City streets can act like tiny heat traps. That extra warmth can push some trees to bloom earlier than trees in cooler neighborhoods. If you can measure that shift, you can connect climate, plants, and real city data in one project. You also get to work with photos, maps, and machine learning.

What Is It?

Phenology is the study of when living things do seasonal events, like budding, flowering, or leaf drop. In this project, you are asking whether street trees in warmer parts of a city reach those stages sooner than trees in cooler parts. Think of it like comparing clocks. One clock sits in a shaded park, and another sits next to asphalt and buildings that hold heat. If the city stays warmer, the tree’s seasonal clock may run faster.

You can build this project with public photos and location data. iNaturalist gives user-uploaded observations of plants, and Google Street View gives past images of the same streets. A CNN, which is a convolutional neural network, is a kind of image model that can sort pictures by visual features. You can train or test a model to label flowering stages, then compare those labels across neighborhoods with different heat levels.

Why This Is a Good Topic

This is a strong science fair topic because you can test a clear question with public data, and you do not need a wet lab. You can connect plant timing to the urban heat-island effect, which matters for city planning, pollinators, and climate adaptation. You will learn data cleaning, image analysis, basic machine learning, and statistics.

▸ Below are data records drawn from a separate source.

text \<open>Substituting a polynomial into a power series whose majorant converges gives a power
  series in the matrix entries: expand the powers as sums over words in the monomials, then
  regroup the absolutely summable family of words by multidegree.\<close>
lemma power_series_substitution:
  fixes \<beta> :: "nat \<Rightarrow> real" and c :: "'j \<Rightarrow> real" and m :: "'j \<Rightarrow> 'p::finite \<times> 'q::finite \<Rightarrow> nat"
  assumes J: "finite J" and r: "0 \<le> r"
    and summable: "summable (\<lambda>n. \<bar>\<beta> n\<bar> * (\<Sum>j\<in>J. \<bar>c j\<bar> * monomial (m j) (\<chi> i j. r)) ^ n)"
  shows "\<exists>a. \<forall>y::real^'q^'p. (\<forall>i j. \<bar>y $ i $ j\<bar> \<le> r) \<longrightarrow>
           ((\<lambda>d. a d * monomial d y) has_sum (\<Sum>n. \<beta> n * (\<Sum>j\<in>J. c j * monomial (m j) y) ^ n)) UNIV"
proof -
  define W where "W = {w. set w \<subseteq> J}"
  define coef where "coef w = \<beta> (length w) * (\<Prod>j\<leftarrow>w. c j)" for w
  define deg where "deg w = (\<lambda>ij. \<Sum>j\<leftarrow>w. m j ij)" for w
  define a where "a d = infsum coef {w\<in>W. deg w = d}" for d
  have "(\<lambda>w. \<bar>\<beta> (length w)\<bar> * (\<Prod>j\<leftarrow>w. \<bar>c j\<bar> * monomial (m j) (\<chi> i j. r))) summable_on W"
    unfolding W_def using J summable r
    by (intro summable_on_lists_prod_list) (auto simp: monomial_const_matrix)
  then have majorant: "(\<lambda>w. \<bar>coef w\<bar> * monomial (deg w) (\<chi> i j. r)) summable_on W"
    by (simp add: coef_def deg_def monomial_sum_list prod_list_map_mult abs_mult abs_prod_list
        mult.assoc)
  have "((\<lambda>d. a d * monomial d y) has_sum (\<Sum>n. \<beta> n * (\<Sum>j\<in>J. c j * monomial (m j) y) ^ n)) UNIV"
    if y: "\<forall>i j. \<bar>y $ i $ j\<bar> \<le> r" for y :: "real^'q^'p"
  proof -
    define F where "F w = coef w * monomial (deg w) y" for w
    have "(\<lambda>w. norm (F w)) summable_on W"
    proof (rule Infinite_Sum.abs_summable_on_comparison_test'[OF majorant])
      fix w show "norm (F w) \<le> \<bar>coef w\<bar> * monomial (deg w) (\<chi> i j. r)"
        using abs_monomial_le[of y r "deg w"] y by (simp add: F_def abs_mult mult_left_mono)
    qed
    then have F: "F summable_on W" by (rule abs_summable_summable)
    define V where "V = infsum F W"
    have FV: "(F has_sum V) W" using F by (simp add: V_def)
    have "((\<lambda>n. \<beta> n * (\<Sum>j\<in>J. c j * monomial (m j) y) ^ n) has_sum V) UNIV"
      using FV unfolding W_def F_def coef_def deg_def
      by (intro has_sum_lists_regroup_length[OF J])
        (simp add: monomial_sum_list prod_list_map_mult mult.assoc)
    then have "V = (\<Sum>n. \<beta> n * (\<Sum>j\<in>J. c j * monomial (m j) y) ^ n)"
      by (metis has_sum_imp_sums sums_unique)
    moreover have "((\<lambda>d. a d * monomial d y) has_sum V) UNIV"
    proof (rule has_sum_regroup[OF FV, of deg])
      fix d
      have "F summable_on {w\<in>W. deg w = d}"
        by (rule summable_on_subset_banach[OF F]) auto
      then have "(F has_sum infsum F {w\<in>W. deg w = d}) {w\<in>W. deg w = d}" by simp
      also have "infsum F {w\<in>W. deg w = d} = infsum (\<lambda>w. coef w * monomial d y) {w\<in>W. deg w = d}"
        by (rule infsum_cong) (simp add: F_def)
      finally show "(F has_sum a d * monomial d y) {w\<in>W. deg w = d}"
        by (simp add: a_def infsum_cmult_left')
    qed
    ultimately show ?thesis by simp
  qed
  then show ?thesis by blast
qed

That mix gives you enough depth for a serious project if you define your tree species and city carefully.

Research Questions

  • How does neighborhood surface temperature relate to the first flowering date of a chosen street tree species?
  • What is the effect of distance from dense pavement on flowering stage timing in street trees?
  • Does the flowering-stage classifier perform better on one tree species than another?
  • To what extent do warmer census blocks show earlier peak bloom dates than cooler blocks?
  • Which image source, iNaturalist or Google Street View, gives more reliable flowering-stage labels?
  • How does tree canopy cover change the link between urban heat and flowering time?
  • What is the effect of using local temperature anomaly instead of citywide temperature on model accuracy?

Basic Materials

  • Laptop with internet access.
  • Spreadsheet software.
  • Google Earth or Google Maps for neighborhood scouting.
  • iNaturalist observations for your target tree species.
  • Google Street View history images.
  • Public temperature or land surface temperature data from NOAA or NASA.
  • Digital notebook for logging image labels and location metadata.
  • Reference photos of the tree species at different flowering stages.

Advanced Materials

  • Laptop with a modern GPU or access to a school workstation.
  • Python installed with common data science libraries.
  • Jupyter Notebook for analysis.
  • Image annotation tool for labeling flowering stages.
  • OpenStreetMap or GIS software for mapping sample sites.
  • Public climate datasets from NOAA, NASA, or USGS.
  • Spreadsheet software for metadata cleanup.
  • Version control platform for tracking code and labels.

Software & Tools

  • Python: Organizes images, runs the classifier, and handles statistical analysis.
  • Jupyter Notebook: Lets you document your workflow, code, plots, and notes in one file.
  • ImageJ: Helps you inspect images and check whether flowering labels match visible features.
  • QGIS: Maps tree locations and compares flowering timing with neighborhood heat patterns.
  • Google Earth: Helps you review street-view history and pick consistent sampling sites.

Experiment Steps

  1. Define one tree species, one city, and one flowering stage system so your dataset stays consistent.
  2. Choose a heat metric, such as surface temperature, tree canopy cover, or distance from major roads.
  3. Build a labeling plan that turns photos into a clear flowering-stage dataset.
  4. Split your images into training, validation, and test groups so you can check model performance honestly.
  5. Link each observation to location and date, then match it with the same neighborhood heat data.
  6. Compare flowering timing across warmer and cooler areas, and test whether your pattern holds after you control for sample size and image source.

Common Pitfalls

  • Mixing different tree species, which makes your flowering pattern look real when it only reflects species differences.
  • Using photos with inconsistent angles or zoom levels, which hides the flower parts your classifier needs.
  • Labeling bloom stages too loosely, which blurs early bloom, peak bloom, and late bloom into one category.
  • Comparing neighborhoods with very different observation counts, which can bias the heat-island result.
  • Ignoring image date or location errors, which can put a tree in the wrong season or the wrong block.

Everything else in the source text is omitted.